• **Task instructions**:
Can you find the lines of the listing that include "blast" and copy every one?
• • •
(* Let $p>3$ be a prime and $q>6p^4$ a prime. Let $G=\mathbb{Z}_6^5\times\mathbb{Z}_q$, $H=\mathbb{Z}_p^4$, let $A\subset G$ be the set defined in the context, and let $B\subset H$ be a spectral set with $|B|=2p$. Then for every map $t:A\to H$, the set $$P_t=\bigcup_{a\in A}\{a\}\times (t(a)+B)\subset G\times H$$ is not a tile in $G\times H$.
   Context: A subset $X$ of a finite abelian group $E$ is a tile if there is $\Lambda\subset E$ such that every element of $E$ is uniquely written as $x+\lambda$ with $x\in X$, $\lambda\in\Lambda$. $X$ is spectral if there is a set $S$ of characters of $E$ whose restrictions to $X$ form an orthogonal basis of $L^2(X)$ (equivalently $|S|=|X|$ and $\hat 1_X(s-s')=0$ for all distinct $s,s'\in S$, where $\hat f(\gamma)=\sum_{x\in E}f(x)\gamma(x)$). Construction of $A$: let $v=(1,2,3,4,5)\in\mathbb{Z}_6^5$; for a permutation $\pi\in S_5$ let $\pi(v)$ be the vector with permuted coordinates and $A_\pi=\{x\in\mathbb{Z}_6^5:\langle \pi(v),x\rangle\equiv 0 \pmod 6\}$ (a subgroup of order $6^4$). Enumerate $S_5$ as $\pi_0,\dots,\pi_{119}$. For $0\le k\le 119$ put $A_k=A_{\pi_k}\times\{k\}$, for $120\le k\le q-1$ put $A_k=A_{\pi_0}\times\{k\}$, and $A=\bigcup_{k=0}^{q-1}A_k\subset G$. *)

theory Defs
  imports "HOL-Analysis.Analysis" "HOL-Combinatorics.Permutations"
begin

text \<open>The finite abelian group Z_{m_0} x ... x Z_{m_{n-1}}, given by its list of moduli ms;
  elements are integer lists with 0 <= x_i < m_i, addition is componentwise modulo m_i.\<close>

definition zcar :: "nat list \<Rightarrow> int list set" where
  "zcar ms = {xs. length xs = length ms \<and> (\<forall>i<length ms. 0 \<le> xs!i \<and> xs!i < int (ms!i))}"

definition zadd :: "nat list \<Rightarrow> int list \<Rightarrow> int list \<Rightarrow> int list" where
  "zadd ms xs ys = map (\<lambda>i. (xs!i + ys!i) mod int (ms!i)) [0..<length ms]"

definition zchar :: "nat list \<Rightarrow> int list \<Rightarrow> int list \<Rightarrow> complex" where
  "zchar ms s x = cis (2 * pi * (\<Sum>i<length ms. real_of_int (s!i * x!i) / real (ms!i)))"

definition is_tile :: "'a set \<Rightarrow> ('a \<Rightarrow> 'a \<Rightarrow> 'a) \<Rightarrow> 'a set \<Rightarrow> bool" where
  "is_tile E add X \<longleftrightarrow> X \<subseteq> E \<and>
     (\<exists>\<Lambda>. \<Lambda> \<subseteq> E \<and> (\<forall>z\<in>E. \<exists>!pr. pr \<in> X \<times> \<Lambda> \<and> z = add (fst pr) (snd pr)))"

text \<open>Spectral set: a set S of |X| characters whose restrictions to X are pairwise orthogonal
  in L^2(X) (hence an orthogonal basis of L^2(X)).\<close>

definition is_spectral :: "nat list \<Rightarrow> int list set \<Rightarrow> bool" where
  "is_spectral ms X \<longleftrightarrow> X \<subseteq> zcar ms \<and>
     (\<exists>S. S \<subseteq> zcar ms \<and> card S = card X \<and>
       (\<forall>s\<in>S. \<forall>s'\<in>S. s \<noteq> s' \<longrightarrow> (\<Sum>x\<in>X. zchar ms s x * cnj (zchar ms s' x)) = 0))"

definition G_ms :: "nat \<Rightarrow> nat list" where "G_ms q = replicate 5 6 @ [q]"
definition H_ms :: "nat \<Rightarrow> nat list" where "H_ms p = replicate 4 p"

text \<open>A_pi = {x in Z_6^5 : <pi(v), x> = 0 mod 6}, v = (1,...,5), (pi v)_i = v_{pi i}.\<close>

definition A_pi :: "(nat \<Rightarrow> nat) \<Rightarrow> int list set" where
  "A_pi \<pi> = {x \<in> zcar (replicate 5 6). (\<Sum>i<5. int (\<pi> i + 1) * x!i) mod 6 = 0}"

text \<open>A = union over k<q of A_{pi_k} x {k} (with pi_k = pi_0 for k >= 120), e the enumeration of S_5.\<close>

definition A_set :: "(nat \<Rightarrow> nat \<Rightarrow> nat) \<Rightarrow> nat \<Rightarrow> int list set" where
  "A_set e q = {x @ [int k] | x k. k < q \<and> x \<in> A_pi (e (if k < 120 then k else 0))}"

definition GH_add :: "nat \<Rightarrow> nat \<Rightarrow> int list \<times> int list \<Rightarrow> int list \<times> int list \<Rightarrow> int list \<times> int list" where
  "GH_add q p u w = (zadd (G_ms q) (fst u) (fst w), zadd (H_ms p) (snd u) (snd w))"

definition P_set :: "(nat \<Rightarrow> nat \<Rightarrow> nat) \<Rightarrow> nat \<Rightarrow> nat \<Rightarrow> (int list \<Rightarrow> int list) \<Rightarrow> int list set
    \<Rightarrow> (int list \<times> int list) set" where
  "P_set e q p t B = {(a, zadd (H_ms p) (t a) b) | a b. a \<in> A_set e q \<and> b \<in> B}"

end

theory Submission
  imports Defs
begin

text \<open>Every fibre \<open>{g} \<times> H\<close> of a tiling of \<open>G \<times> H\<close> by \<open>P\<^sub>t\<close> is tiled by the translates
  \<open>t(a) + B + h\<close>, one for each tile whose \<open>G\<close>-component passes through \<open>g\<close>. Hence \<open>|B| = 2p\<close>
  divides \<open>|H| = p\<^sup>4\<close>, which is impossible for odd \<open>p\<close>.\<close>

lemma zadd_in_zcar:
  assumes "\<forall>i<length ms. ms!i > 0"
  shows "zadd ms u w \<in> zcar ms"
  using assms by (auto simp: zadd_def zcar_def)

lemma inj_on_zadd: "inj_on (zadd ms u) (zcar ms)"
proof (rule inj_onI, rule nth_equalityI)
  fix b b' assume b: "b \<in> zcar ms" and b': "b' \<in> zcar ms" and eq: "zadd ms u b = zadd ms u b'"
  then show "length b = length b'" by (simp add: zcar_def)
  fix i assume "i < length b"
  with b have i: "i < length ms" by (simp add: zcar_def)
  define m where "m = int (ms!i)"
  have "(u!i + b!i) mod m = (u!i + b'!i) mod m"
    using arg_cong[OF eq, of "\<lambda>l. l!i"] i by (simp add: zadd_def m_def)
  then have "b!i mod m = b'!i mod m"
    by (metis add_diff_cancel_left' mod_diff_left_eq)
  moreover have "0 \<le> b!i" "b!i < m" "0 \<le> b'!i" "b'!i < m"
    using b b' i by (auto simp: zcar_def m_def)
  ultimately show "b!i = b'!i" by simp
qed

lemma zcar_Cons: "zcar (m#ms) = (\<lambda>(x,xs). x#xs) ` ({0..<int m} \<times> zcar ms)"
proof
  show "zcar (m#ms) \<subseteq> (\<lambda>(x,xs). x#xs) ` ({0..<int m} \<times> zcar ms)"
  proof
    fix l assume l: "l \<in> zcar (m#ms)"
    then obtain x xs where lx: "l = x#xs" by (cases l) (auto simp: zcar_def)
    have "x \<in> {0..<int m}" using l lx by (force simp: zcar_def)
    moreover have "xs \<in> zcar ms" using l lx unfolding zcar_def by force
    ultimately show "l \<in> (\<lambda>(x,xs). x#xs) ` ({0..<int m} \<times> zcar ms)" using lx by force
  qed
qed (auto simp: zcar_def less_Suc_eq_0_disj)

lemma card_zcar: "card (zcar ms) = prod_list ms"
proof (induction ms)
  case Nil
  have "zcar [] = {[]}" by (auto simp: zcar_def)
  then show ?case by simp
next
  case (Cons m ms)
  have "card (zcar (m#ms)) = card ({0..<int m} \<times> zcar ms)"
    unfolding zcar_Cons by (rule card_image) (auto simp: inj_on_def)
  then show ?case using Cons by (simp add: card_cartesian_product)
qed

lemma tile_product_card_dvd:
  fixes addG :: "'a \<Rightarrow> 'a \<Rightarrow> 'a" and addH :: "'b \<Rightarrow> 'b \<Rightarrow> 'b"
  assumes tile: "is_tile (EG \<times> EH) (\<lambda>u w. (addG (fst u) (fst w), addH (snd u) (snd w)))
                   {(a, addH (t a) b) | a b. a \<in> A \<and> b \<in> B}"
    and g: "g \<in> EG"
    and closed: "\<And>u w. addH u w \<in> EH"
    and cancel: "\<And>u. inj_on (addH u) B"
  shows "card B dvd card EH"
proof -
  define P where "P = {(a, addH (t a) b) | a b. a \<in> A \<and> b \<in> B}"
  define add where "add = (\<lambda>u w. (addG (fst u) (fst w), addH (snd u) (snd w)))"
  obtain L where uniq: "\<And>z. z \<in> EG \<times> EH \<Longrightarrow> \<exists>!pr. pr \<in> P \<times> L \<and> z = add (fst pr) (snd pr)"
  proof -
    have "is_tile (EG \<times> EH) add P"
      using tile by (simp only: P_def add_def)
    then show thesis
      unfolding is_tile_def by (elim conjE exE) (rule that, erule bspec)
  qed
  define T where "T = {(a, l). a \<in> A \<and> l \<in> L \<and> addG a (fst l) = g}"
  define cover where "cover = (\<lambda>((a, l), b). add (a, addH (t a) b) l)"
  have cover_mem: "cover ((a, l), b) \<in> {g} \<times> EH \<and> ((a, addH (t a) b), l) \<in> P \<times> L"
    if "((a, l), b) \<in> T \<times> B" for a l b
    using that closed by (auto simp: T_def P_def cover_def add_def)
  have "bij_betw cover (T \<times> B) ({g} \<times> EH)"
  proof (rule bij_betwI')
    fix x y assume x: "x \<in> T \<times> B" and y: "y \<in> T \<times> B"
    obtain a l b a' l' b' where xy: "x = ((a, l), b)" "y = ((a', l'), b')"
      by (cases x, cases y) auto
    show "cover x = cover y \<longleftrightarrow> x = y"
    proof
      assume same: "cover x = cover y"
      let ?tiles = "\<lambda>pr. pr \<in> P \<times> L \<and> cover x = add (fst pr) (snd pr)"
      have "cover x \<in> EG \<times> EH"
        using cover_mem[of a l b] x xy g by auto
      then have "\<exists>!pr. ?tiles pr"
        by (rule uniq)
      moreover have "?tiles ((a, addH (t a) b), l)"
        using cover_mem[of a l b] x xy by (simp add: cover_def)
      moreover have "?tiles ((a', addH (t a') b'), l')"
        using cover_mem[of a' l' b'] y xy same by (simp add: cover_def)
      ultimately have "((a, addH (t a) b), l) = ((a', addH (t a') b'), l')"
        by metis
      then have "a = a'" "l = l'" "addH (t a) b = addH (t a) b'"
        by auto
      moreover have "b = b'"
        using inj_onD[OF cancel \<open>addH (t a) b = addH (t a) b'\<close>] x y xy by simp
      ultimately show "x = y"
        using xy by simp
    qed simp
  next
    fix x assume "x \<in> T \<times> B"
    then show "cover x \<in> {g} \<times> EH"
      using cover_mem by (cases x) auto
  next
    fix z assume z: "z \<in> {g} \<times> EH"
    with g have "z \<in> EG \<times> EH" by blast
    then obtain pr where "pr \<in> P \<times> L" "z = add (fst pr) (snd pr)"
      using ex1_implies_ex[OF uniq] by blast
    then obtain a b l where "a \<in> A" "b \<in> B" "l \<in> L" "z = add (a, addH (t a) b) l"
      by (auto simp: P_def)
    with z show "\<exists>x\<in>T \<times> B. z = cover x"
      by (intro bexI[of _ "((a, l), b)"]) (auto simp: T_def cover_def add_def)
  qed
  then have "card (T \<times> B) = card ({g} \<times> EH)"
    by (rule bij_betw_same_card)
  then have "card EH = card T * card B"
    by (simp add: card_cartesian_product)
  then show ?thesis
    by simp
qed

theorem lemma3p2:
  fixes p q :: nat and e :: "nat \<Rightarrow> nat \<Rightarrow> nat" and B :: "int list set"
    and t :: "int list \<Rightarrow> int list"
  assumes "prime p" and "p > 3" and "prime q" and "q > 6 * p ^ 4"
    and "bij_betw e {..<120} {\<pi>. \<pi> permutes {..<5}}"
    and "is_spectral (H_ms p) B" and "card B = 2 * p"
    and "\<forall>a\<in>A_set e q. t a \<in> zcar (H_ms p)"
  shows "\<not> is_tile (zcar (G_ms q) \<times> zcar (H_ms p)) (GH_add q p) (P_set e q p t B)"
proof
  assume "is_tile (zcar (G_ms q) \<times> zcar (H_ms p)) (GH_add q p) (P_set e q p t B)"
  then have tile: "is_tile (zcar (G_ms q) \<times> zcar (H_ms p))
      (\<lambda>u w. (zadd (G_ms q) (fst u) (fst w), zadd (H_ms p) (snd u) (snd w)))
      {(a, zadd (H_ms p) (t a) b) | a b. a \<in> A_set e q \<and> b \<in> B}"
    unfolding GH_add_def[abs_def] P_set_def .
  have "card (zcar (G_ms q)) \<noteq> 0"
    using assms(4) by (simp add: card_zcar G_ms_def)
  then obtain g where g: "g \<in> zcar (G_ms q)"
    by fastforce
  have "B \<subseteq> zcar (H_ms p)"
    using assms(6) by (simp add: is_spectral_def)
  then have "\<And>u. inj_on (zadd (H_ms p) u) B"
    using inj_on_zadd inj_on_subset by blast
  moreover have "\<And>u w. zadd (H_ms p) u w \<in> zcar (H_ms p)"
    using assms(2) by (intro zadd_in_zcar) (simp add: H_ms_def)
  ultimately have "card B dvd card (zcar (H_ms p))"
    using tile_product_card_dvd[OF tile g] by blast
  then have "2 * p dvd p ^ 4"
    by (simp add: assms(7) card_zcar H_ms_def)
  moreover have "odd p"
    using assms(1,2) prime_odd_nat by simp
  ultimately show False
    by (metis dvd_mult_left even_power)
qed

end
• • •
• **Solution to the exercise**:
    with g have "z \<in> EG \<times> EH" by blast
      using ex1_implies_ex[OF uniq] by blast
    using inj_on_zadd inj_on_subset by blast
    using tile_product_card_dvd[OF tile g] by blast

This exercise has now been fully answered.